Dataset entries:
(* Let $\mathcal{Y}=\mathbb{R}$, $K\ge1$, $\alpha\in(0,1)$, let $(q_1,\dots,q_K)$ be a probability vector, and let $n_1,\dots,n_K\ge0$ be fixed integers with $n=\sum_k n_k$. For distributions $\Pi_1,\dots,\Pi_K$ on $\mathcal{X}^1\times\mathbb{R}$, consider calibration data $(X_1,Y_1),\dots,(X_n,Y_n)$ generated independently with, for each $k$ and each $i\in\{n_1+\dots+n_{k-1}+1,\dots,n_1+\dots+n_k\}$, $X_i^0=k$ and $(X_i^1,Y_i)\sim\Pi_k$, and an independent test point $(X_{n+1},Y_{n+1})$ with $\mathbb{P}\{X^0_{n+1}=k\}=q_k$ and $(X^1_{n+1},Y_{n+1})\mid X^0_{n+1}=k\sim\Pi_k$. Let $\widehat{C}_n$ be a prediction set procedure (a set $\widehat{C}_n(x)\subseteq\mathbb{R}$ constructed from the calibration data for each $x$) satisfying the distribution-free coverage guarantee $\mathbb{P}\{Y_{n+1}\in\widehat{C}_n(X_{n+1})\}\ge1-\alpha$ under this data-generating model for every choice of $\Pi_1,\dots,\Pi_K$. If $\sum_{k:\,n_k=0}q_k>\alpha$, then (for any $\Pi_1,\dots,\Pi_K$) $\mathbb{E}[\textnormal{Leb}(\widehat{C}_n(X_{n+1}))]=\infty$.
   Context: Features are $x=(x^0,x^1)\in[K]\times\mathcal{X}^1$ with $x^0$ the group label. $\textnormal{Leb}$ denotes Lebesgue measure on $\mathbb{R}$. *)

theory Defs
  imports "HOL-Probability.Probability"
begin

text \<open>A data point is ((x0, x1), y) with x0 :: nat the group label (in 1..K),
  x1 in the measurable space M1 (the space X^1), and y real.\<close>

definition point_space :: "'x measure \<Rightarrow> ((nat \<times> 'x) \<times> real) measure" where
  "point_space M1 = (count_space UNIV \<Otimes>\<^sub>M M1) \<Otimes>\<^sub>M borel"

definition embed_grp :: "nat \<Rightarrow> 'x \<times> real \<Rightarrow> (nat \<times> 'x) \<times> real" where
  "embed_grp k = (\<lambda>(x1, y). ((k, x1), y))"

definition group_dist ::
  "'x measure \<Rightarrow> (nat \<Rightarrow> ('x \<times> real) measure) \<Rightarrow> nat \<Rightarrow> ((nat \<times> 'x) \<times> real) measure" where
  "group_dist M1 P k = distr (P k) (point_space M1) (embed_grp k)"

definition test_dist ::
  "'x measure \<Rightarrow> nat \<Rightarrow> (nat \<Rightarrow> real) \<Rightarrow> (nat \<Rightarrow> ('x \<times> real) measure)
     \<Rightarrow> ((nat \<times> 'x) \<times> real) measure" where
  "test_dist M1 K q P = measure_of (space (point_space M1)) (sets (point_space M1))
     (\<lambda>A. \<Sum>k\<in>{1..K}. ennreal (q k) * emeasure (group_dist M1 P k) A)"

text \<open>Group of calibration index i (0-based): the k with
  n_1+...+n_{k-1} \<le> i < n_1+...+n_k.\<close>
definition grp :: "(nat \<Rightarrow> nat) \<Rightarrow> nat \<Rightarrow> nat" where
  "grp nk i = (LEAST k. i < (\<Sum>j\<in>{1..k}. nk j))"

definition cal_dist ::
  "'x measure \<Rightarrow> (nat \<Rightarrow> nat) \<Rightarrow> nat \<Rightarrow> (nat \<Rightarrow> ('x \<times> real) measure)
     \<Rightarrow> (nat \<Rightarrow> (nat \<times> 'x) \<times> real) measure" where
  "cal_dist M1 nk n P = (\<Pi>\<^sub>M i\<in>{..<n}. group_dist M1 P (grp nk i))"

definition joint_dist ::
  "'x measure \<Rightarrow> nat \<Rightarrow> (nat \<Rightarrow> real) \<Rightarrow> (nat \<Rightarrow> nat) \<Rightarrow> nat \<Rightarrow> (nat \<Rightarrow> ('x \<times> real) measure)
     \<Rightarrow> ((nat \<Rightarrow> (nat \<times> 'x) \<times> real) \<times> ((nat \<times> 'x) \<times> real)) measure" where
  "joint_dist M1 K q nk n P = cal_dist M1 nk n P \<Otimes>\<^sub>M test_dist M1 K q P"

definition joint_space ::
  "'x measure \<Rightarrow> nat \<Rightarrow> ((nat \<Rightarrow> (nat \<times> 'x) \<times> real) \<times> ((nat \<times> 'x) \<times> real)) measure" where
  "joint_space M1 n = (\<Pi>\<^sub>M i\<in>{..<n}. point_space M1) \<Otimes>\<^sub>M point_space M1"

definition valid_dists :: "'x measure \<Rightarrow> nat \<Rightarrow> (nat \<Rightarrow> ('x \<times> real) measure) \<Rightarrow> bool" where
  "valid_dists M1 K P \<longleftrightarrow>
     (\<forall>k\<in>{1..K}. prob_space (P k) \<and> sets (P k) = sets (M1 \<Otimes>\<^sub>M borel))"

end

(*
  Groups with n_k = 0 never occur in the calibration sample. Replacing, in those groups only,
  the law of (X^1, Y) by (law of X^1) x Unif[0, L] therefore leaves the law of the calibration
  data unchanged, so the coverage guarantee still applies. For a test point from such a group,
  the chance that the uniform response falls into the set is at most its Lebesgue measure
  divided by L, and the features have the same law as under the original distributions. Hence
  1 - alpha <= (1 - Q0) + E[Leb(C_n(X_{n+1}))] / L for every L > 0, where Q0 is the total
  weight of the empty groups; since Q0 > alpha, the expectation must be infinite.
*)
theory Submission
  imports Defs
begin

lemma grp_mem_groups:
  fixes nk :: "nat \<Rightarrow> nat"
  assumes i: "i < (\<Sum>k\<in>{1..K}. nk k)"
  shows "grp nk i \<in> {1..K}" and "nk (grp nk i) \<noteq> 0"
proof -
  let ?S = "\<lambda>k. \<Sum>j\<in>{1..k}. nk j"
  have below: "i < ?S (grp nk i)"
    unfolding grp_def using i by (rule LeastI)
  then have "grp nk i \<noteq> 0" by (intro notI) simp
  moreover have "grp nk i \<le> K"
    unfolding grp_def using i by (rule Least_le)
  ultimately show "grp nk i \<in> {1..K}" by simp
  from \<open>grp nk i \<noteq> 0\<close> obtain m where m: "grp nk i = Suc m"
    using not0_implies_Suc by blast
  then have "\<not> i < ?S m"
    using not_less_Least[of m "\<lambda>k. i < ?S k"] unfolding grp_def by simp
  then show "nk (grp nk i) \<noteq> 0"
    using below m by simp
qed

lemma sets_group_dist [simp]: "sets (group_dist M1 P k) = sets (point_space M1)"
  by (simp add: group_dist_def)

lemma space_group_dist [simp]: "space (group_dist M1 P k) = space (point_space M1)"
  by (simp add: group_dist_def)

lemma space_point_space: "space (point_space M1) = (UNIV \<times> space M1) \<times> UNIV"
  by (simp add: point_space_def space_pair_measure)

lemma measurable_embed_grp:
  assumes "sets N = sets (M1 \<Otimes>\<^sub>M borel)"
  shows "embed_grp k \<in> measurable N (point_space M1)"
proof -
  have "embed_grp k \<in> measurable (M1 \<Otimes>\<^sub>M borel) (point_space M1)"
    unfolding embed_grp_def point_space_def by measurable
  then show ?thesis
    using measurable_cong_sets[OF assms refl] by blast
qed

lemma prob_space_group_dist:
  assumes "prob_space (P k)" "sets (P k) = sets (M1 \<Otimes>\<^sub>M borel)"
  shows "prob_space (group_dist M1 P k)"
  unfolding group_dist_def
  by (rule prob_space.prob_space_distr[OF assms(1) measurable_embed_grp[OF assms(2)]])

lemma sets_test_dist [simp]: "sets (test_dist M1 K q P) = sets (point_space M1)"
  unfolding test_dist_def by (simp add: sets.sigma_sets_eq sets.space_closed)

lemma space_test_dist [simp]: "space (test_dist M1 K q P) = space (point_space M1)"
  unfolding test_dist_def by simp

lemma emeasure_test_dist:
  assumes A: "A \<in> sets (point_space M1)"
  shows "emeasure (test_dist M1 K q P) A
           = (\<Sum>k\<in>{1..K}. ennreal (q k) * emeasure (group_dist M1 P k) A)"
  unfolding test_dist_def
proof (rule emeasure_measure_of_sigma[OF sets.sigma_algebra_axioms _ _ A])
  show "positive (sets (point_space M1))
          (\<lambda>A. \<Sum>k\<in>{1..K}. ennreal (q k) * emeasure (group_dist M1 P k) A)"
    by (simp add: positive_def)
  show "countably_additive (sets (point_space M1))
          (\<lambda>A. \<Sum>k\<in>{1..K}. ennreal (q k) * emeasure (group_dist M1 P k) A)"
    unfolding countably_additive_def
  proof safe
    fix F :: "nat \<Rightarrow> _"
    assume F: "range F \<subseteq> sets (point_space M1)" "disjoint_family F"
    have "(\<Sum>i. \<Sum>k\<in>{1..K}. ennreal (q k) * emeasure (group_dist M1 P k) (F i))
        = (\<Sum>k\<in>{1..K}. \<Sum>i. ennreal (q k) * emeasure (group_dist M1 P k) (F i))"
      by (rule suminf_sum) simp
    also have "\<dots> = (\<Sum>k\<in>{1..K}. ennreal (q k) * emeasure (group_dist M1 P k) (\<Union>i. F i))"
      using F by (simp add: suminf_emeasure)
    finally show "(\<Sum>i. \<Sum>k\<in>{1..K}. ennreal (q k) * emeasure (group_dist M1 P k) (F i))
        = (\<Sum>k\<in>{1..K}. ennreal (q k) * emeasure (group_dist M1 P k) (\<Union>i. F i))" .
  qed
qed
(* Let $A\subset\mathcal{N}=\omega^\omega$, let $\mathcal{F}$ be a hereditary family of closed and discrete subsets of $A$, let $\{T_a : a\in A\}$ be an $(A,\mathcal{F})$-Reznichenko family of trees, $\mathcal{T}=\bigcup_{a\in A}T_a$, and let $R[\mathcal{F}]\subset 2^{\mathcal{T}}$ be the associated compact set. Then there exists a determining function (for $R[\mathcal{F}]\subset\mathbb{R}^{\mathcal{T}}$) $f:\mathcal{T}\to wf(A)\times\omega^{(\omega^{<\omega})}$.
   Context: A tree is a partially ordered set $(T,\leq)$ in which for each $t$ the set $\{s: s<t\}$ is well ordered and which has a minimum, the root. An immediate successor of $t$ is a node $s>t$ with no $r$ satisfying $t<r<s$. The $\alpha$-th level consists of the $t$ with $\{s:s<t\}$ of order type $\alpha$; the height is the least $\alpha$ with empty $\alpha$-th level. A segment is a set $S\subset T$ of pairwise comparable elements such that $t\leq r\leq s$ with $t,s\in S$ implies $r\in S$; it is initial if it contains the root. For a set $A$ with $|A|\leq\mathfrak{c}$ and a hereditary family $\mathcal{F}$ of subsets of $A$ (closed under subsets), an $(A,\mathcal{F})$-Reznichenko family of trees is a family $\{T_a:a\in A\}$ of trees such that: (1) each $T_a$ has height $\omega$ and every node has $\mathfrak{c}$ many immediate successors; (2) $T_a\cap A=\{a\}$ and $a$ is the root of $T_a$; (3) for every $t\in\bigcup_a T_a$, $\{a\in A: t\in T_a\}\in\mathcal{F}$; (4) for $a\neq b$ and segments $S\subset T_a$, $S'\subset T_b$, $|S\cap S'|\leq 1$; (5) for every $B\in\mathcal{F}$ and every disjoint family $\{S_b:b\in B\}$ with $S_b$ a finite initial segment of $T_b$, there are $\mathfrak{c}$ many $t$ that are simultaneously an immediate successor of $S_b$ in $T_b$ for all $b\in B$. $R[\mathcal{F}]\subset 2^{\mathcal{T}}$ is the family of all segments of all the trees $T_a$ (a compact set). A tree on $\omega$ is a set $T\subset\omega^{<\omega}$ closed under initial segments; $Tr\subset 2^{\omega^{<\omega}}$ is the compact metrizable space of all trees on $\omega$; a branch of $T$ is $a\in\omega^\omega$ with $a|n\in T$ for all $n$; $wf(A)\subset Tr$ is the set of trees on $\omega$ none of whose branches belongs to $A$ (with subspace topology), and $\omega^{(\omega^{<\omega})}$ carries the product topology. For an index set $\Gamma$, a compact $K\subset\mathbb{R}^\Gamma$ and a separable metrizable $D$, $f:\Gamma\to D$ is a determining function if for all $x\in K$, compact $C\subset D$ and $\varepsilon>0$, the set $\{\gamma\in f^{-1}(C): |x_\gamma|>\varepsilon\}$ is finite. *)

theory Defs
  imports "HOL-Analysis.Analysis" "HOL-Library.Equipollence"
begin

definition strictly_below :: "('n \<Rightarrow> 'n \<Rightarrow> bool) \<Rightarrow> 'n \<Rightarrow> 'n \<Rightarrow> bool" where
  "strictly_below le s t \<longleftrightarrow> le s t \<and> s \<noteq> t"

definition preds :: "'n set \<Rightarrow> ('n \<Rightarrow> 'n \<Rightarrow> bool) \<Rightarrow> 'n \<Rightarrow> 'n set" where
  "preds T le t = {s \<in> T. strictly_below le s t}"

definition well_ordered_by :: "('n \<Rightarrow> 'n \<Rightarrow> bool) \<Rightarrow> 'n set \<Rightarrow> bool" where
  "well_ordered_by le P \<longleftrightarrow>
     (\<forall>x\<in>P. \<forall>y\<in>P. le x y \<or> le y x) \<and>
     (\<forall>Q. Q \<subseteq> P \<and> Q \<noteq> {} \<longrightarrow> (\<exists>m\<in>Q. \<forall>q\<in>Q. le m q))"

definition is_root :: "'n set \<Rightarrow> ('n \<Rightarrow> 'n \<Rightarrow> bool) \<Rightarrow> 'n \<Rightarrow> bool" where
  "is_root T le r \<longleftrightarrow> r \<in> T \<and> (\<forall>t\<in>T. le r t)"

definition is_tree :: "'n set \<Rightarrow> ('n \<Rightarrow> 'n \<Rightarrow> bool) \<Rightarrow> bool" where
  "is_tree T le \<longleftrightarrow>
     (\<forall>t\<in>T. le t t) \<and>
     (\<forall>s\<in>T. \<forall>t\<in>T. le s t \<and> le t s \<longrightarrow> s = t) \<and>
     (\<forall>r\<in>T. \<forall>s\<in>T. \<forall>t\<in>T. le r s \<and> le s t \<longrightarrow> le r t) \<and>
     (\<exists>r. is_root T le r) \<and>
     (\<forall>t\<in>T. well_ordered_by le (preds T le t))"
definition ideal_gen :: "'n cpoly set \<Rightarrow> 'n cpoly set" where
  "ideal_gen S = \<Inter>{J. is_ideal J \<and> S \<subseteq> J}"

definition monomial_ideal :: "'n cpoly set \<Rightarrow> bool" where
  "monomial_ideal I \<longleftrightarrow> is_ideal I \<and> (\<exists>S. I = ideal_gen (xmono ` S))"

definition max_ideal :: "'n cpoly set" where
  "max_ideal = ideal_gen {xmono (Poly_Mapping.single i 1) | i. True}"

(* dim_C (I/J) = d, for J \<subseteq> I: there is a family of d elements of I whose classes form a
  C-basis of I/J. *)
definition quot_dim :: "'n cpoly set \<Rightarrow> 'n cpoly set \<Rightarrow> nat \<Rightarrow> bool" where
  "quot_dim I J d \<longleftrightarrow> (\<exists>B. finite B \<and> card B = d \<and> B \<subseteq> I \<and>
     (\<forall>c. (\<Sum>b\<in>B. const (c b) * b) \<in> J \<longrightarrow> (\<forall>b\<in>B. c b = 0)) \<and>
     (\<forall>f\<in>I. \<exists>c. f - (\<Sum>b\<in>B. const (c b) * b) \<in> J))"

(* lambda_k: exponents of monomials not in I_k. *)
definition lam :: "'n cpoly set \<Rightarrow> ('n \<Rightarrow>\<^sub>0 nat) set" where
  "lam I = {u. xmono u \<notin> I}"

definition is_flag :: "nat \<Rightarrow> (nat \<Rightarrow> nat) \<Rightarrow> (nat \<Rightarrow> 'n cpoly set) \<Rightarrow> bool" where
  "is_flag r d I \<longleftrightarrow> d 0 = 1 \<and> I 0 = UNIV \<and> (\<forall>k\<le>r+1. is_ideal (I k)) \<and>
     (\<forall>k\<le>r. I (Suc k) \<subseteq> I k \<and> quot_dim (I k) (I (Suc k)) (d k))"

Assigned task: Show me all lines in the records that contain "distributions".

Task output:
(* Let $\mathcal{Y}=\mathbb{R}$, $K\ge1$, $\alpha\in(0,1)$, let $(q_1,\dots,q_K)$ be a probability vector, and let $n_1,\dots,n_K\ge0$ be fixed integers with $n=\sum_k n_k$. For distributions $\Pi_1,\dots,\Pi_K$ on $\mathcal{X}^1\times\mathbb{R}$, consider calibration data $(X_1,Y_1),\dots,(X_n,Y_n)$ generated independently with, for each $k$ and each $i\in\{n_1+\dots+n_{k-1}+1,\dots,n_1+\dots+n_k\}$, $X_i^0=k$ and $(X_i^1,Y_i)\sim\Pi_k$, and an independent test point $(X_{n+1},Y_{n+1})$ with $\mathbb{P}\{X^0_{n+1}=k\}=q_k$ and $(X^1_{n+1},Y_{n+1})\mid X^0_{n+1}=k\sim\Pi_k$. Let $\widehat{C}_n$ be a prediction set procedure (a set $\widehat{C}_n(x)\subseteq\mathbb{R}$ constructed from the calibration data for each $x$) satisfying the distribution-free coverage guarantee $\mathbb{P}\{Y_{n+1}\in\widehat{C}_n(X_{n+1})\}\ge1-\alpha$ under this data-generating model for every choice of $\Pi_1,\dots,\Pi_K$. If $\sum_{k:\,n_k=0}q_k>\alpha$, then (for any $\Pi_1,\dots,\Pi_K$) $\mathbb{E}[\textnormal{Leb}(\widehat{C}_n(X_{n+1}))]=\infty$.
  divided by L, and the features have the same law as under the original distributions. Hence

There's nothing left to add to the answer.